> [RECORDS FOR THE TASK]:
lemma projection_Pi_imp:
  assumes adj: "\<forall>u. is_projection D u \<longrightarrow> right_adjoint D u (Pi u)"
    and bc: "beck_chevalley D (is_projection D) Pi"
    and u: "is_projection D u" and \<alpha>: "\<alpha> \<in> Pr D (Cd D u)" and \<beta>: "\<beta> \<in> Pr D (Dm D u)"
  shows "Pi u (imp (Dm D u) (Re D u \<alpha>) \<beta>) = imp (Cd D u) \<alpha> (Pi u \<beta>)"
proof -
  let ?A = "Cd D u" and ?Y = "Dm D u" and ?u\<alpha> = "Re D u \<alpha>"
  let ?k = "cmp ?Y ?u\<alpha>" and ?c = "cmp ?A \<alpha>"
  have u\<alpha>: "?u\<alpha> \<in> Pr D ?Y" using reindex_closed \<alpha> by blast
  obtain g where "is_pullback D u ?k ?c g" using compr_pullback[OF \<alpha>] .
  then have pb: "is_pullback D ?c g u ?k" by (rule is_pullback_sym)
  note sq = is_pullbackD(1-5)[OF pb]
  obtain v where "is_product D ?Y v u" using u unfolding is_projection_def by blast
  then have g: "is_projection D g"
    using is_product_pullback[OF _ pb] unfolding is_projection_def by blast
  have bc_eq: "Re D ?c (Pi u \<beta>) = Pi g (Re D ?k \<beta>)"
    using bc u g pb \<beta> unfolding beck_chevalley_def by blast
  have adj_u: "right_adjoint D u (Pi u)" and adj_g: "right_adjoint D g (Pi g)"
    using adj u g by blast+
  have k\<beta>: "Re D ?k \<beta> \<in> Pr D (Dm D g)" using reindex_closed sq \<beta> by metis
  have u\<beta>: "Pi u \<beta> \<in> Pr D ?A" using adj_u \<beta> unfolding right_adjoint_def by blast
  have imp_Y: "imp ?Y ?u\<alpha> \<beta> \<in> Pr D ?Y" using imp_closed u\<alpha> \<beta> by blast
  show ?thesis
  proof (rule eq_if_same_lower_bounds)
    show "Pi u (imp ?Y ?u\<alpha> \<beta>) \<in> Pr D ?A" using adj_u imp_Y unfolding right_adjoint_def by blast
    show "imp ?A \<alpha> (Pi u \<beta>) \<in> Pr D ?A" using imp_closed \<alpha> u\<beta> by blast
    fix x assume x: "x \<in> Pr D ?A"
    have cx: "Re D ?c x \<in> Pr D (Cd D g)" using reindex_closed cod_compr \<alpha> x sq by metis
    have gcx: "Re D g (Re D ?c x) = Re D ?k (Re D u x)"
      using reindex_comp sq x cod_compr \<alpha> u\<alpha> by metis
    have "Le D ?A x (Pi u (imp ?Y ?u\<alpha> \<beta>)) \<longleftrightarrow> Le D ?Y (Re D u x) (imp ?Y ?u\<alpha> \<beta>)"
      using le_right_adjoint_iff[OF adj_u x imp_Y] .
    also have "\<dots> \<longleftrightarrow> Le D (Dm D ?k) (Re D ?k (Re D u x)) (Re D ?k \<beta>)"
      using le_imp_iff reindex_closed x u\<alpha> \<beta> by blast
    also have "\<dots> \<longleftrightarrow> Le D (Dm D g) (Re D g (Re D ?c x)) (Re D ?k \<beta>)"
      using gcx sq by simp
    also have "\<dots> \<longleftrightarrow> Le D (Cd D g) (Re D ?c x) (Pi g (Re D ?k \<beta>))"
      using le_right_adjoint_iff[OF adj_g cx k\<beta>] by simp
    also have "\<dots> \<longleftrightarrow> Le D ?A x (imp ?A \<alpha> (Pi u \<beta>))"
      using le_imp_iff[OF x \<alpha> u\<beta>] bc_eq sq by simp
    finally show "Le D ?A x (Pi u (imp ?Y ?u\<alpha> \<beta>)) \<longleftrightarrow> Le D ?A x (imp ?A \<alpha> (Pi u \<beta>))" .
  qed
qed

==

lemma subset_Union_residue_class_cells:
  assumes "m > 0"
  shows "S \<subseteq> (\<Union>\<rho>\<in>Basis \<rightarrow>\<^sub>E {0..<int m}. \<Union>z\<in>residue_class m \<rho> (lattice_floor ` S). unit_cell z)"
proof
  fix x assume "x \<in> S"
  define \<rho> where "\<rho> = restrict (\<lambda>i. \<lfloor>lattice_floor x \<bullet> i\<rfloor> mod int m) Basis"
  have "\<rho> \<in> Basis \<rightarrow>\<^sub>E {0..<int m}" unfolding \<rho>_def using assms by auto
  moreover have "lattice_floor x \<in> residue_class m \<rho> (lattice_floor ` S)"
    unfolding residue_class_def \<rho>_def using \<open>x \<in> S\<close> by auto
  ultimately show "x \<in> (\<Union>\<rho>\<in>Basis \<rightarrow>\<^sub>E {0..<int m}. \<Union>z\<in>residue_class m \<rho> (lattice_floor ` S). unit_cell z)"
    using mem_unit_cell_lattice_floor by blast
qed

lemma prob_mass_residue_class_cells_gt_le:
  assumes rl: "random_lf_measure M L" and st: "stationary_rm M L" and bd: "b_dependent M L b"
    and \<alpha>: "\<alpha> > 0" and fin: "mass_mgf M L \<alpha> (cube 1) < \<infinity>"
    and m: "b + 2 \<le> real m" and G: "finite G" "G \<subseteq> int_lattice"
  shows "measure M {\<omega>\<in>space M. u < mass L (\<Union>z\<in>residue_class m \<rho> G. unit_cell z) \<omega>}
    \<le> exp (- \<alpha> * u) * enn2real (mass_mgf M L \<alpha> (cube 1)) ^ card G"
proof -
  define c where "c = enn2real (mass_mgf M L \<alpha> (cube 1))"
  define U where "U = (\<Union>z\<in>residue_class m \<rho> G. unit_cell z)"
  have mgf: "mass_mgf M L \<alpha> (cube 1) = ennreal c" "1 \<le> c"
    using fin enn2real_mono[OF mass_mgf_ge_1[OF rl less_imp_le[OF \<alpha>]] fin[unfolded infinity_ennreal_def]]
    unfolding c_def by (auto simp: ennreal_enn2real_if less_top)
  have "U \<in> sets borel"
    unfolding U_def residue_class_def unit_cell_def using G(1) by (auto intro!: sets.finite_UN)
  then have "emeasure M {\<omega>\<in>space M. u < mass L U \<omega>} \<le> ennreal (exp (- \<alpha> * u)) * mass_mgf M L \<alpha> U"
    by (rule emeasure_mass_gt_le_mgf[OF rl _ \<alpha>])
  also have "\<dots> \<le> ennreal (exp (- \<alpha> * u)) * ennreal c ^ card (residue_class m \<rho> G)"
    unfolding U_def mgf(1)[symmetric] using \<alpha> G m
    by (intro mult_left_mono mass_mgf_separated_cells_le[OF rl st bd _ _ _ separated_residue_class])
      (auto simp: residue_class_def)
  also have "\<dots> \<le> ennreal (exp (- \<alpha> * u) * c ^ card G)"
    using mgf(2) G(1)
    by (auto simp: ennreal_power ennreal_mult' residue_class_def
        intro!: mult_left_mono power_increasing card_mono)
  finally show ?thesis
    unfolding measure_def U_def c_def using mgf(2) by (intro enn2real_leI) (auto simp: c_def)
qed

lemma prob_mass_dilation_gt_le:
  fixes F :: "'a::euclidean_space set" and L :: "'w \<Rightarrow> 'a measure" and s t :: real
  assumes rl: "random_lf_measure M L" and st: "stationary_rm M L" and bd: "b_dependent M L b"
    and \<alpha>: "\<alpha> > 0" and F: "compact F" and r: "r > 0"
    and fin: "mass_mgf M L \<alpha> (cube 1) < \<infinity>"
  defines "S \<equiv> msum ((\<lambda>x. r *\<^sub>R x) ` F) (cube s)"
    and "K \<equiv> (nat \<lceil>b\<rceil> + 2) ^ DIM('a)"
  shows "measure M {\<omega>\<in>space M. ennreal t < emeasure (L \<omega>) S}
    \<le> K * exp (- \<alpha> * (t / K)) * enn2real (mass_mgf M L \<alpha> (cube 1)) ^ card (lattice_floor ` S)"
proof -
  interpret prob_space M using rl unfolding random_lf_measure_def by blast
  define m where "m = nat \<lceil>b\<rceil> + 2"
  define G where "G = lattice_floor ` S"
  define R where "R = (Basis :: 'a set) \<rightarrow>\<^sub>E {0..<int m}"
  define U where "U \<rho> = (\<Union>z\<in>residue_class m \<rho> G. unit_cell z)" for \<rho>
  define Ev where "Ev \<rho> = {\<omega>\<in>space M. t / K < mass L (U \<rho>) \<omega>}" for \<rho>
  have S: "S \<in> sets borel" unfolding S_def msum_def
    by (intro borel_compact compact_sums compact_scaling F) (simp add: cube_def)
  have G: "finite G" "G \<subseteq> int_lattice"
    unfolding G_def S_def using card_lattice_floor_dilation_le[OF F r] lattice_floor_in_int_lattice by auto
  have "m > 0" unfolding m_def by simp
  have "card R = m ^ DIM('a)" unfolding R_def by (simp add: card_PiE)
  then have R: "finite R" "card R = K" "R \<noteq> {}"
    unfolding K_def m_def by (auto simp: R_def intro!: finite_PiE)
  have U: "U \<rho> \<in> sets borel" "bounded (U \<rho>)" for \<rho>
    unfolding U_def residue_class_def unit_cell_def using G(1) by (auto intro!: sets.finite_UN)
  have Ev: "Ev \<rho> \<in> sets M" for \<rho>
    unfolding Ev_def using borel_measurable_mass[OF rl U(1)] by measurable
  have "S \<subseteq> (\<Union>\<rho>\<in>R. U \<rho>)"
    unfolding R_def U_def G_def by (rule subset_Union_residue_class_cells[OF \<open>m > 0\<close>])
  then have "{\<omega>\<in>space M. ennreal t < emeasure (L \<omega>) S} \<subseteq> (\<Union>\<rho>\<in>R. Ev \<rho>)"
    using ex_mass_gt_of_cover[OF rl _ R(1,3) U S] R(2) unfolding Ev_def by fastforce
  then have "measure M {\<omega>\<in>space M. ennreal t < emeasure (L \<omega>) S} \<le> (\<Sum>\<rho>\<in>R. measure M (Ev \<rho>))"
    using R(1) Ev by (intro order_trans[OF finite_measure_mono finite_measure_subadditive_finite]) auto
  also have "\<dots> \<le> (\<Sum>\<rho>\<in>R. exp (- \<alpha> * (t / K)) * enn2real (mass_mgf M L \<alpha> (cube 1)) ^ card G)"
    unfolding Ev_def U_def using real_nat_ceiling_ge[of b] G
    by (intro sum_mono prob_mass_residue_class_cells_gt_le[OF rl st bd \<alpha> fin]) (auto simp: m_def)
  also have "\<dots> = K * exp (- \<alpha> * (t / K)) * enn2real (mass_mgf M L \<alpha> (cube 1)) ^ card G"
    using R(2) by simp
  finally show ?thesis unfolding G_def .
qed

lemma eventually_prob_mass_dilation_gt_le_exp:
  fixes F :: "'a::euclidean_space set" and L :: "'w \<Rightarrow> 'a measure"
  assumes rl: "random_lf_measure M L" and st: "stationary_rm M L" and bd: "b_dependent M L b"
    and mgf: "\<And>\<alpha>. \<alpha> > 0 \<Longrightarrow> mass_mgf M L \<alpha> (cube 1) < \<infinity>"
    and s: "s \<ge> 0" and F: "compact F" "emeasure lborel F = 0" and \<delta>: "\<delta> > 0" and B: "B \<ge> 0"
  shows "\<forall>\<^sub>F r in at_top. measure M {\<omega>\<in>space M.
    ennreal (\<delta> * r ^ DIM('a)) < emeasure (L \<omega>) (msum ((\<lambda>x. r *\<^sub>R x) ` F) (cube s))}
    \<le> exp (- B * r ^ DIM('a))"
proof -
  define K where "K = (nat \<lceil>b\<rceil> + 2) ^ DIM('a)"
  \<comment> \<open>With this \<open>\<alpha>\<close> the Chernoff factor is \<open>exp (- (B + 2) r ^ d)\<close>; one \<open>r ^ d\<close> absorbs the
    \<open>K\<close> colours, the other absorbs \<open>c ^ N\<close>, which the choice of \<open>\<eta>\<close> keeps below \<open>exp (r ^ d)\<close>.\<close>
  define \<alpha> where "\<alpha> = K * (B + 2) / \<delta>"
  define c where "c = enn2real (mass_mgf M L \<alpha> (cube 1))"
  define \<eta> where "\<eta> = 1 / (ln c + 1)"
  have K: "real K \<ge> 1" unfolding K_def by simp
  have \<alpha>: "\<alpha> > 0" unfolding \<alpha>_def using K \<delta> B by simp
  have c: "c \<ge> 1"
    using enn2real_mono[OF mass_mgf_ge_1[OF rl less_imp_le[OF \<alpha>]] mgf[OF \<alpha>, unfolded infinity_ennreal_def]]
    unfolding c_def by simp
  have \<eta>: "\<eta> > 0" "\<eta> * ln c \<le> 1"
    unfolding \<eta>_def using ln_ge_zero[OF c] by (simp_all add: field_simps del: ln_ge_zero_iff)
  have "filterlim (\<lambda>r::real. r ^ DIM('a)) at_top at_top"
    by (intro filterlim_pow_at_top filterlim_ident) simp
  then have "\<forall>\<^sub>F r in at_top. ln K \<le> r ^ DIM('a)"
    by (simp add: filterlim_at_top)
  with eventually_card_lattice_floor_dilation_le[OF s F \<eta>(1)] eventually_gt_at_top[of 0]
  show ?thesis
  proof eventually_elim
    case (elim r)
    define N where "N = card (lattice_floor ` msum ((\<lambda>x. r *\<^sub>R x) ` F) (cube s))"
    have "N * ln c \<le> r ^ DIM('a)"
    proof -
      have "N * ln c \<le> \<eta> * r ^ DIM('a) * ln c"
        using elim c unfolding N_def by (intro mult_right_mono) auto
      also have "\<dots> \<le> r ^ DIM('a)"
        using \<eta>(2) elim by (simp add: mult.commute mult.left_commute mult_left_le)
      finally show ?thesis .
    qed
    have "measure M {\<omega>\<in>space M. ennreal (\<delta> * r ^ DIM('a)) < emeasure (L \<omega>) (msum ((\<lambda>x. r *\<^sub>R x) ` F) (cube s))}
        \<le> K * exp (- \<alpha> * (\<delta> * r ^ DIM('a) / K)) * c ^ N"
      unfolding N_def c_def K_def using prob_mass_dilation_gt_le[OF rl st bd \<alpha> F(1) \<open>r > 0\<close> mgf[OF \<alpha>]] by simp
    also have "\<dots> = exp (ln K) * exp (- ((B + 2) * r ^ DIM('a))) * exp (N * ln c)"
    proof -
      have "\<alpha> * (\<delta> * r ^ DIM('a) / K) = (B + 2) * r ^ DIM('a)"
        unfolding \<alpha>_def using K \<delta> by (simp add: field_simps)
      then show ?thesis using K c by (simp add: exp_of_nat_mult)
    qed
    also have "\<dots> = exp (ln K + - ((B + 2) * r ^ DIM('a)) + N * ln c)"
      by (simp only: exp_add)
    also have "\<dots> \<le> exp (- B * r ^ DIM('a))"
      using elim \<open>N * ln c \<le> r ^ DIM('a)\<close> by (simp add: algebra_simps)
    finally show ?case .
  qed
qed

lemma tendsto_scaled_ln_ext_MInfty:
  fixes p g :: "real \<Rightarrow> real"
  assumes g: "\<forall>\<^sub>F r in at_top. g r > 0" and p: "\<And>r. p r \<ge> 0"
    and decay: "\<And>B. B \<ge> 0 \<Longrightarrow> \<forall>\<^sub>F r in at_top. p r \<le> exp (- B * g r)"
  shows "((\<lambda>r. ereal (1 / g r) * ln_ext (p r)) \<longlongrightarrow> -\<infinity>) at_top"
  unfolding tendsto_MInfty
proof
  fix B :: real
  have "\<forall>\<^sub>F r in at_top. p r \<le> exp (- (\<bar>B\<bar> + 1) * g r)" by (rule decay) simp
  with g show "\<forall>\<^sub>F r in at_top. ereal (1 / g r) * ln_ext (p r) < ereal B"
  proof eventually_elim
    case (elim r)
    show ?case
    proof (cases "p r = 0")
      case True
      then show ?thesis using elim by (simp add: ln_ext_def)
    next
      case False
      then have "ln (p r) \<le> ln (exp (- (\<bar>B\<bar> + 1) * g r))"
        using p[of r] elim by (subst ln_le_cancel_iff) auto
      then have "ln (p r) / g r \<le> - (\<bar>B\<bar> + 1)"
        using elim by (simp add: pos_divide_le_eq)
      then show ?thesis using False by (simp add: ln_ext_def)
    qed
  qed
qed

> [TASK DIRECTIONS]:
Copy out the lines of the data where the string "lemma" occurs.

> [TASK SOLUTION]:
lemma projection_Pi_imp:
lemma subset_Union_residue_class_cells:
lemma prob_mass_residue_class_cells_gt_le:
lemma prob_mass_dilation_gt_le:
lemma eventually_prob_mass_dilation_gt_le_exp:
lemma tendsto_scaled_ln_ext_MInfty:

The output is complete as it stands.